Керим громко запыхтел, взмахивая руками, едва сдерживая обиду и возмущение.

– Славный был прихожанин, истинно веровал, – продолжил внушать священник. – Храмом жил. Добрый был, не скупился. Много жертвовал…

– Так нельзя ли в достойное место определить хорошего человека? К благородным людям? – взмолился бригадир. – Хоть бы в аллею славы? Там круглый год нарядно и сухо. По праздникам войска караул несут. Весь город мимо ихних могил проходит. Уважение и почет.

Отец Владимир скривился.

– Сходите в администрацию, батюшка, похлопочите. Ордера лежать к героям там же, в высоких кабинетах, выдают. На пригорке, в аллее славы, аж с осени много ям пустует. Дорогих людей ждут.
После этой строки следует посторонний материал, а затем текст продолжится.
lemma convolution_return_density:
  fixes f :: "real \<Rightarrow> ennreal"
  assumes [measurable]: "f \<in> borel_measurable borel" and "finite_measure (density lborel f)"
  shows "return borel b \<star> density lborel f = density lborel (\<lambda>x. f (x - b))"
proof (rule measure_eqI)
  fix A assume "A \<in> sets (return borel b \<star> density lborel f)"
  then have [measurable]: "A \<in> sets borel" by simp
  have "emeasure (return borel b \<star> density lborel f) A = (\<integral>\<^sup>+y. f y * indicator A (b + y) \<partial>lborel)"
    using assms by (simp add: convolution_emeasure' finite_measure_return_borel nn_integral_return
        nn_integral_density)
  also have "\<dots> = (\<integral>\<^sup>+x. f (x - b) * indicator A x \<partial>lborel)"
    by (subst nn_integral_real_affine[where c=1 and t=b]) auto
  finally show "emeasure (return borel b \<star> density lborel f) A = emeasure (density lborel (\<lambda>x. f (x - b))) A"
    by (simp add: emeasure_density)
qed simp

lemma convolution_density_return:
  fixes f :: "real \<Rightarrow> ennreal"
  assumes "f \<in> borel_measurable borel" and "finite_measure (density lborel f)"
  shows "density lborel f \<star> return borel b = density lborel (\<lambda>x. f (x - b))"
  using assms convolution_commutative[of "density lborel f" "return borel b"]
  by (simp add: convolution_return_density finite_measure_return_borel)

(* Variance 0 gives the point mass, so that 0-fold convolution powers are Gaussian too. *)
definition gauss_measure :: "real \<Rightarrow> real \<Rightarrow> real measure" where
  "gauss_measure m v = (if v = 0 then return borel m else density lborel (\<lambda>x. ennreal (gauss m v x)))"

lemma sets_gauss_measure [simp]: "sets (gauss_measure m v) = sets borel"
  by (simp add: gauss_measure_def)

lemma finite_measure_gauss_measure: "v \<ge> 0 \<Longrightarrow> finite_measure (gauss_measure m v)"
  by (simp add: gauss_measure_def finite_measure_return_borel finite_measure_density_gauss)

lemma gauss_measure_convolution:
  assumes "u \<ge> 0" "v \<ge> 0"
  shows "gauss_measure a u \<star> gauss_measure b v = gauss_measure (a + b) (u + v)"
proof -
  have shift: "return borel a \<star> density lborel (\<lambda>x. ennreal (gauss b w x))
      = density lborel (\<lambda>x. ennreal (gauss (a + b) w x))" if "w > 0" for a b w
    using that by (simp add: convolution_return_density finite_measure_density_gauss gauss_shift add.commute)
  consider "u = 0" "v = 0" | "u = 0" "v > 0" | "u > 0" "v = 0" | "u > 0" "v > 0"
    using assms by fastforce
  then show ?thesis
  proof cases
    case 1 then show ?thesis by (simp add: gauss_measure_def convolution_return_return)
  next
    case 2 then show ?thesis by (simp add: gauss_measure_def shift)
  next
    case 3 then show ?thesis
      using convolution_commutative[of "gauss_measure a u" "gauss_measure b v"]
      by (simp add: gauss_measure_def finite_measure_return_borel finite_measure_density_gauss shift add.commute)
  next
    case 4 then show ?thesis
      by (simp add: gauss_measure_def convolution_density finite_measure_density_gauss
          nn_integral_gauss_convolution)
  qed
qed

lemma conv_pow_gauss_measure:
  assumes "v \<ge> 0"
  shows "conv_pow (gauss_measure b v) n = gauss_measure (real n * b) (real n * v)"
proof (induction n)
  case 0 show ?case by (simp add: gauss_measure_def)
next
  case (Suc n) then show ?case
    using assms by (simp add: gauss_measure_convolution algebra_simps)
qed

lemma gauss_mix_convolution_gauss_measure:
  assumes "finite I" "\<And>i. i \<in> I \<Longrightarrow> c i \<ge> 0" "u > 0" "v \<ge> 0"
  shows "density lborel (\<lambda>x. ennreal (gauss_mix I c m u x)) \<star> gauss_measure b v
       = density lborel (\<lambda>x. ennreal (gauss_mix I c (\<lambda>i. m i + b) (u + v) x))"
proof (cases "v = 0")
  case True
  have "gauss_mix I c m u (x - b) = gauss_mix I c (\<lambda>i. m i + b) u x" for x
    by (simp add: gauss_mix_def gauss_shift)
  then show ?thesis
    using True assms by (simp add: gauss_measure_def convolution_density_return finite_measure_density_gauss_mix)
next
  case False
  then have "v > 0" using assms by simp
  have "density lborel (\<lambda>x. ennreal (gauss_mix I c m u x)) \<star> gauss_measure b v
      = (density lborel (\<lambda>x. ennreal (gauss b v x)) \<star> density lborel (\<lambda>x. ennreal (gauss_mix I c m u x)))"
    using \<open>v > 0\<close> assms
    by (simp add: gauss_measure_def convolution_commutative finite_measure_density_gauss finite_measure_density_gauss_mix)
  also have "\<dots> = density lborel (\<lambda>x. ennreal (gauss_mix I c (\<lambda>i. b + m i) (v + u) x))"
    using \<open>v > 0\<close> assms
    by (simp add: convolution_density finite_measure_density_gauss finite_measure_density_gauss_mix
        nn_integral_gauss_convolution_gauss_mix)
  finally show ?thesis by (simp add: add.commute)
qed
(* Let $\mathcal{M}_n=\{\rho_\theta : \theta\in\Theta\}$, $\Theta\subset\mathbb{R}^n$ open, be a regular family of density matrices on $\mathbb{C}^d$ ($d<\infty$), with parameters split as $\theta=(\theta_I,\theta_N)$, $\theta_I=(\theta_1,\dots,\theta_m)$, $\theta_N=(\theta_{m+1},\dots,\theta_n)$, $m<n$. Fix a point $\theta$ and an $m\times m$ real symmetric matrix $W_I>0$. Define $$C_{\theta_I}[W_I]=\min_{\hat\Pi_I \text{ l.u. for } \theta_I}\mathrm{Tr}\big(W_I V_{\theta_I}[\hat\Pi_I]\big),\qquad C^{\mathcal{E}_\theta}_{\theta_I}[W_I]=\inf_{\hat\Pi\in\mathcal{E}_\theta}\mathrm{Tr}\big(W_I V_{\theta_I}[\hat\Pi]\big),$$ $$C^{\lim}_{\theta_I}[W_I]=\lim_{\epsilon\to0^+}C_\theta\big[W_I\oplus\epsilon I_{n-m}\big],\qquad\text{where } C_\theta[W_n]=\min_{\hat\Pi\in\mathcal{E}_\theta}\mathrm{Tr}\big(W_nV_\theta[\hat\Pi]\big)$$ for $n\times n$ weight matrices $W_n>0$, and $I_{n-m}$ is the $(n-m)\times(n-m)$ identity. Then $$C_{\theta_I}[W_I]=C^{\mathcal{E}_\theta}_{\theta_I}[W_I]=C^{\lim}_{\theta_I}[W_I].$$
   Context: A POVM is a finite family $\Pi=\{\Pi_x\}_{x\in\mathcal{X}}$ of positive semidefinite $d\times d$ matrices summing to the identity; it gives the probability distribution $p_\theta(x\mid\Pi)=\mathrm{tr}(\rho_\theta\Pi_x)$, and $E_\theta[\,\cdot\mid\Pi]$ denotes expectation under it. A quantum estimator for all parameters is $\hat\Pi=(\Pi,\hat\theta)$ with $\hat\theta=(\hat\theta_1,\dots,\hat\theta_n)$ real functions on $\mathcal{X}$; its MSE matrix is $V_\theta[\hat\Pi]=\big[E_\theta[(\hat\theta_i(X)-\theta_i)(\hat\theta_j(X)-\theta_j)\mid\Pi]\big]_{i,j=1}^n$, and $V_{\theta_I}[\hat\Pi]$ denotes its upper-left $m\times m$ block (indices $1,\dots,m$). An estimator for the parameters of interest is $\hat\Pi_I=(\Pi,\hat\theta_I)$ with $\hat\theta_I=(\hat\theta_1,\dots,\hat\theta_m)$, with $m\times m$ MSE matrix $V_{\theta_I}[\hat\Pi_I]=\big[E_\theta[(\hat\theta_i(X)-\theta_i)(\hat\theta_j(X)-\theta_j)\mid\Pi]\big]_{i,j=1}^m$. $\hat\Pi_I$ is locally unbiased (l.u.) for $\theta_I$ at $\theta$ if $E_\theta[\hat\theta_i(X)\mid\Pi]=\theta_i$ and $\partial_{\theta_j}E_\theta[\hat\theta_i(X)\mid\Pi]=\delta_{ij}$ at $\theta$ for all $i\in\{1,\dots,m\}$, $j\in\{1,\dots,n\}$. $\mathcal{E}_\theta$ is the set of estimators $\hat\Pi=(\Pi,\hat\theta)$ that are locally unbiased for all parameters at $\theta$, i.e. the same two conditions hold for all $i,j\in\{1,\dots,n\}$. Regularity: the model is smooth, its derivatives $\partial_i\rho_\theta$ are linearly independent, and there exist POVMs whose classical models $\{p_\theta(\cdot\mid\Pi)\}$ are regular with linearly independent score functions $\partial_{\theta_i}\log p_\theta(x\mid\Pi)$, $i=1,\dots,n$, at $\theta$ (so that the minima above are taken over nonempty sets and are well defined). *)

theory Defs
  imports "HOL-Analysis.Analysis"
begin

definition ctrace :: "complex^'d^'d \<Rightarrow> complex" where
  "ctrace A = (\<Sum>i\<in>UNIV. A $ i $ i)"

definition cquad :: "complex^'d^'d \<Rightarrow> complex^'d \<Rightarrow> complex" where
  "cquad A v = (\<Sum>i\<in>UNIV. \<Sum>j\<in>UNIV. cnj (v $ i) * A $ i $ j * v $ j)"

text \<open>Positive semidefinite (hence Hermitian) complex matrix.\<close>
definition psd :: "complex^'d^'d \<Rightarrow> bool" where
  "psd A \<longleftrightarrow> (\<forall>v. cquad A v \<in> \<real> \<and> 0 \<le> Re (cquad A v))"

definition density_matrix :: "complex^'d^'d \<Rightarrow> bool" where
  "density_matrix A \<longleftrightarrow> psd A \<and> ctrace A = 1"

definition is_povm :: "nat set \<Rightarrow> (nat \<Rightarrow> complex^'d^'d) \<Rightarrow> bool" where
  "is_povm X P \<longleftrightarrow> finite X \<and> (\<forall>x\<in>X. psd (P x)) \<and> (\<Sum>x\<in>X. P x) = mat 1"

definition pderiv_model ::
  "(real^'p \<Rightarrow> complex^'d^'d) \<Rightarrow> real^'p \<Rightarrow> 'p \<Rightarrow> complex^'d^'d" where
  "pderiv_model \<rho> \<theta> j = vector_derivative (\<lambda>t. \<rho> (\<theta> + t *\<^sub>R axis j 1)) (at 0)"

definition regular_model ::
  "(real^'p) set \<Rightarrow> (real^'p \<Rightarrow> complex^'d^'d) \<Rightarrow> bool" where
  "regular_model \<Theta> \<rho> \<longleftrightarrow> open \<Theta> \<and> (\<forall>\<theta>\<in>\<Theta>. density_matrix (\<rho> \<theta>)) \<and>
     (\<exists>D. (\<forall>\<theta>\<in>\<Theta>. (\<rho> has_derivative D \<theta>) (at \<theta>)) \<and>
          (\<forall>j. continuous_on \<Theta> (\<lambda>\<theta>. D \<theta> (axis j 1)))) \<and>
     (\<forall>\<theta>\<in>\<Theta>. \<forall>c::'p \<Rightarrow> real.
        (\<Sum>j\<in>UNIV. c j *\<^sub>R pderiv_model \<rho> \<theta> j) = 0 \<longrightarrow> (\<forall>j. c j = 0))"

definition prob ::
  "(real^'p \<Rightarrow> complex^'d^'d) \<Rightarrow> real^'p \<Rightarrow> (nat \<Rightarrow> complex^'d^'d) \<Rightarrow> nat \<Rightarrow> real" where
  "prob \<rho> \<theta> P x = Re (ctrace (\<rho> \<theta> ** P x))"

definition expect ::
  "(real^'p \<Rightarrow> complex^'d^'d) \<Rightarrow> real^'p \<Rightarrow> nat set \<Rightarrow> (nat \<Rightarrow> complex^'d^'d)
     \<Rightarrow> (nat \<Rightarrow> real) \<Rightarrow> real" where
  "expect \<rho> \<theta> X P f = (\<Sum>x\<in>X. f x * prob \<rho> \<theta> P x)"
– Нужно место у дуба, – резко подытожила Людмила – как отрезала. – Не модничай, Керим Матвеич, не противничай. Новопреставленный и тебя в обиду не даст, щедро отблагодарит за услугу.

– А вот и работнички, – сказал начальник, как только делегация подошла к теплой проталине, на которой грелись, как коты весной, землекопы. – Все в сборе. Знакомьтесь. Орлы.

– Храни вас, Господь! – Отец Владимир окинул взглядом кучку размякших строителей диковатого вида и осенил всех крестом.

– Судите сами, святой отец, разве справимся к сроку? И техники нет, и земля пухнет, здоровье и мотивация, так сказать, оставляют желать лучшего.

Керим Матвеевич красноречиво смотрел на своих спутников, давая понять, что особенно рассчитывать на трудовые достижения коллектива не приходится.

Тоска

Тишина и порядок царили в квартире Василия Ивановича. Миролюбиво тикали часики. Гудел и хлопал створками в подъезде лифт. Несколько раз настойчиво звонил домашний телефон, но старик не отзывался.

Потом кто-то настырный бил кулаком в дверь, но и этот стук он словно бы не слышал.

Раннее тугое утро незаметно перетекло в полдень.

Давно было пропущено время глотать таблетки, мерить давление, завтракать. Оживать нынче старик не желал.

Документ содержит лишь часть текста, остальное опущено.